The tripartite package of measures — “A Green Denmark,” will include a 60% tax rebate to incentivize farms that achieve low emissions, states a report by the Ministry of New Zealand Foreign Affairs and Trade. The revenue raised will be returned to the agriculture sector through greening initiatives.
The deal also includes NZ$9.5 billion (US$5.5 billion) in government funding for reforestation (250,000 hectares) and peatland recovery (140,000 hectares). Meanwhile, the government will continue focusing on reducing fertilizer/nitrogen use on farms.
In addition to government funding, industry player Novo Nordisk Foundation has committed an additional DKK 10 billion (NZ$2.4 billion) (US$1.4 billion) to support the government’s plan over ten years.
Danish-Swedish dairy cooperative Arla is also helping reduce the agriculture sector’s emissions through an incentive program that delivers higher milk prices to its farmers who achieve the best results.
Meanwhile, Danish company Ambient Carbon plans to test a methane-eradicating system it has developed that can “dilute” methane sources like dairy cattle and wastewater treatment, as reported by Food Ingredients First last month.
The new tax system will be based around two measures — animal head count and emissions per animal, according to the Ministry of New Zealand Foreign Affairs and Trade report.
The tax will apply only to pork and bovine animals, with pigs being categorized as either slaughter pigs, piglets or swine and 15 categories for bovine animals (including breed, milk production capacity etc).
Emissions per animal will be calculated by considering a series of metrics that affect emissions, such as old or new stables, effluent management, days spent outside, how the animals are fed, food composition and the use of climate-friendly technologies.
At this stage, 15 climate-friendly technologies have been approved for inclusion in the emissions calculation.
The Danish Society for Nature Conservation has described the tax agreement as “a historic compromise” and believes it lays the groundwork for a restructured food industry, according to its head, Maria Reumert Gjerding.
Meanwhile, global CEO of ProVeg Jasmijn de Boo believes the initiative is “the future of agricultural policy if we seriously want to mitigate the devastating effects of climate change.”
She urges the EU to adopt measures to tackle emissions reduction in the agricultural sector, “as there currently are none.”
“Animal agriculture is responsible for up to a fifth of global GHG emissions, a fact that has been ignored or sidelined for too long. Further delay in action to reduce emissions from this sector will only worsen the situation for farmers as the climate crisis intensifies,” she adds.
Dutch non-profit foundation True Animal Protein Price (TAPP) Coalition also welcomed the move.
Jeroom Remmers, director of the TAPP Coalition, says: ”We are pleased that Denmark is setting an example for the world today, during the UN Climate Conference in Baku. This will lead to higher prices for meat and dairy, thereby reducing consumption.”

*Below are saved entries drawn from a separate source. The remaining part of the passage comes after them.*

(* Let $G$ be a non-empty bipartite graph with parts $X$ and $Y$. Let $X_0=\{x\in X: d(x)=|Y|\}$, $X_1=X\setminus X_0$, $Y_0=\{y\in Y: d(y)=|X|\}$ and $Y_1=Y\setminus Y_0$. Suppose that (i) $|X|>|Y|$, and (ii) either $X_1=Y_1=\emptyset$, or $|X_0|/|Y_1|>2|X_1|/|Y_0|$. Then $G$ contains a collection of at most $\left\lceil \frac{|X|}{|Y|+1}\right\rceil$ paths which together cover all vertices of $G$.
   Context: $d(v)$ denotes the degree of $v$ in $G$. Paths may have length zero (a single vertex) and need not be vertex-disjoint. *)

theory Defs
  imports Complex_Main
begin

definition bipartite_graph :: "'a set \<Rightarrow> 'a set \<Rightarrow> ('a \<Rightarrow> 'a \<Rightarrow> bool) \<Rightarrow> bool" where
  "bipartite_graph X Y E \<longleftrightarrow>
     finite X \<and> finite Y \<and> X \<inter> Y = {} \<and>
     (\<forall>u v. E u v \<longrightarrow> E v u) \<and>
     (\<forall>u v. E u v \<longrightarrow> (u \<in> X \<and> v \<in> Y) \<or> (u \<in> Y \<and> v \<in> X))"

definition deg :: "('a \<Rightarrow> 'a \<Rightarrow> bool) \<Rightarrow> 'a \<Rightarrow> nat" where
  "deg E v = card {u. E v u}"

definition is_path :: "'a set \<Rightarrow> ('a \<Rightarrow> 'a \<Rightarrow> bool) \<Rightarrow> 'a list \<Rightarrow> bool" where
  "is_path V E p \<longleftrightarrow> p \<noteq> [] \<and> distinct p \<and> set p \<subseteq> V \<and>
     (\<forall>i. Suc i < length p \<longrightarrow> E (p ! i) (p ! Suc i))"

end

theory Submission
  imports Defs
begin

text \<open>
  List Y with the vertices of Y0 first, as w_0, ..., w_{m-1}. A list x_0, ..., x_r of distinct
  vertices of X with r \<le> m becomes the path x_0 w_0 x_1 w_1 ... w_{r-1} x_r, and all its edges are
  present as long as x_j \<in> X0 whenever j \<ge> |Y0|: every vertex of Y0 sees all of X, and every
  vertex of X0 sees all of Y. It therefore suffices to split X into k = \<lceil>|X| / (|Y| + 1)\<rceil> such
  lists ("rows"), one of them of full length |Y| + 1 so that its path also covers Y. Filling the
  rows greedily, each taking up to |Y0| vertices of X1 first and then vertices of X0, works
  because the density hypothesis yields |X1| \<le> k |Y0| and |X0| + min |Y0| |X1| \<ge> |Y| + 1.
\<close>

text \<open>The second equation yields the last vertex; on lists with
  length xs > Suc (length ws) the value is junk.\<close>

fun interleave :: "'a list \<Rightarrow> 'a list \<Rightarrow> 'a list" where
  "interleave (x # y # xs) (w # ws) = x # w # interleave (y # xs) ws"
| "interleave xs ws = take 1 xs"

lemma interleave_ConsE:
  obtains p where "interleave (x # xs) ws = x # p"
  by (cases "(x # xs, ws)" rule: interleave.cases) auto

lemma set_interleave:
  "length xs \<le> Suc (length ws) \<Longrightarrow> set (interleave xs ws) = set xs \<union> set (take (length xs - 1) ws)"
  by (induction xs ws rule: interleave.induct) auto

lemma is_path_Cons_Cons:
  "is_path V E (u # v # p) \<longleftrightarrow> u \<in> V \<and> u \<notin> set (v # p) \<and> E u v \<and> is_path V E (v # p)"
proof -
  have "(\<forall>i. Suc i < length (u # v # p) \<longrightarrow> E ((u # v # p) ! i) ((u # v # p) ! Suc i)) \<longleftrightarrow>
        E u v \<and> (\<forall>i. Suc i < length (v # p) \<longrightarrow> E ((v # p) ! i) ((v # p) ! Suc i))"
    (is "?all (u # v # p) \<longleftrightarrow> _")
  proof
    assume all: "?all (u # v # p)"
    show "E u v \<and> ?all (v # p)"
      using spec[OF all, of 0] spec[OF all, of "Suc i" for i] by auto
  next
    assume "E u v \<and> ?all (v # p)"
    then show "?all (u # v # p)"
      by (auto simp: nth_Cons split: nat.split)
  qed
  then show ?thesis
    unfolding is_path_def by auto
qed

lemma is_path_interleave:
  assumes "distinct xs" "distinct ws" "set xs \<inter> set ws = {}" "set xs \<union> set ws \<subseteq> V"
    and "xs \<noteq> []" "length xs \<le> Suc (length ws)"
    and "\<And>j. Suc j < length xs \<Longrightarrow> E (xs ! j) (ws ! j) \<and> E (ws ! j) (xs ! Suc j)"
  shows "is_path V E (interleave xs ws)"
  using assms
proof (induction xs ws rule: interleave.induct)
  case (1 x y xs w ws)
  have "E ((y # xs) ! j) (ws ! j) \<and> E (ws ! j) ((y # xs) ! Suc j)" if "Suc j < length (y # xs)" for j
    using "1.prems"(7)[of "Suc j"] that by simp
  then have "is_path V E (interleave (y # xs) ws)"
    using "1.prems"(1-6) by (intro "1.IH") auto
  moreover have "E x w" "E w y"
    using "1.prems"(7)[of 0] by auto
  moreover have "x \<notin> set (interleave (y # xs) ws)" "w \<notin> set (interleave (y # xs) ws)" "x \<noteq> w"
    using "1.prems"(1-3,6) by (auto simp: set_interleave dest: in_set_takeD)
  moreover obtain p where "interleave (y # xs) ws = y # p"
    by (rule interleave_ConsE)
  ultimately show ?case
    using "1.prems"(4) by (simp add: is_path_Cons_Cons)
qed (auto simp: is_path_def)

lemma obtain_distinct_list_length_min:
  assumes "finite S"
  obtains xs where "distinct xs" "set xs \<subseteq> S" "length xs = min n (card S)"
proof -
  obtain ys where "distinct ys" "set ys = S"
    using assms finite_distinct_list by blast
  then show ?thesis
    using distinct_card[of ys] by (intro that[of "take n ys"]) (auto dest: in_set_takeD)
qed

lemma card_Diff_distinct_list:
  "finite S \<Longrightarrow> distinct xs \<Longrightarrow> set xs \<subseteq> S \<Longrightarrow> card (S - set xs) = card S - length xs"
  by (simp add: card_Diff_subset distinct_card)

However, some organizations have expressed their disagreement with the move.
Rune-Christoffer Dragsdahl, secretary-general of the Danish Vegetarian Society, believes the climate tax on livestock must be significantly higher than proposed to counterbalance the many subsidies that favor animal-based foods over plant-based production.
Additionally, Sybille Kyed, policy director of Organic Denmark, an association of organic companies and farmers in the country, believes the Green Tripartite Agreement sidelines organic farming, ignores biodiversity and soil considerations on the majority of Denmark’s land.
She proposes an approach that integrates CO2e into the European Commission’s Common Agricultural Policy’s (CAP) good agriculture and environmental conditions (GAECs) and eco-scheme system.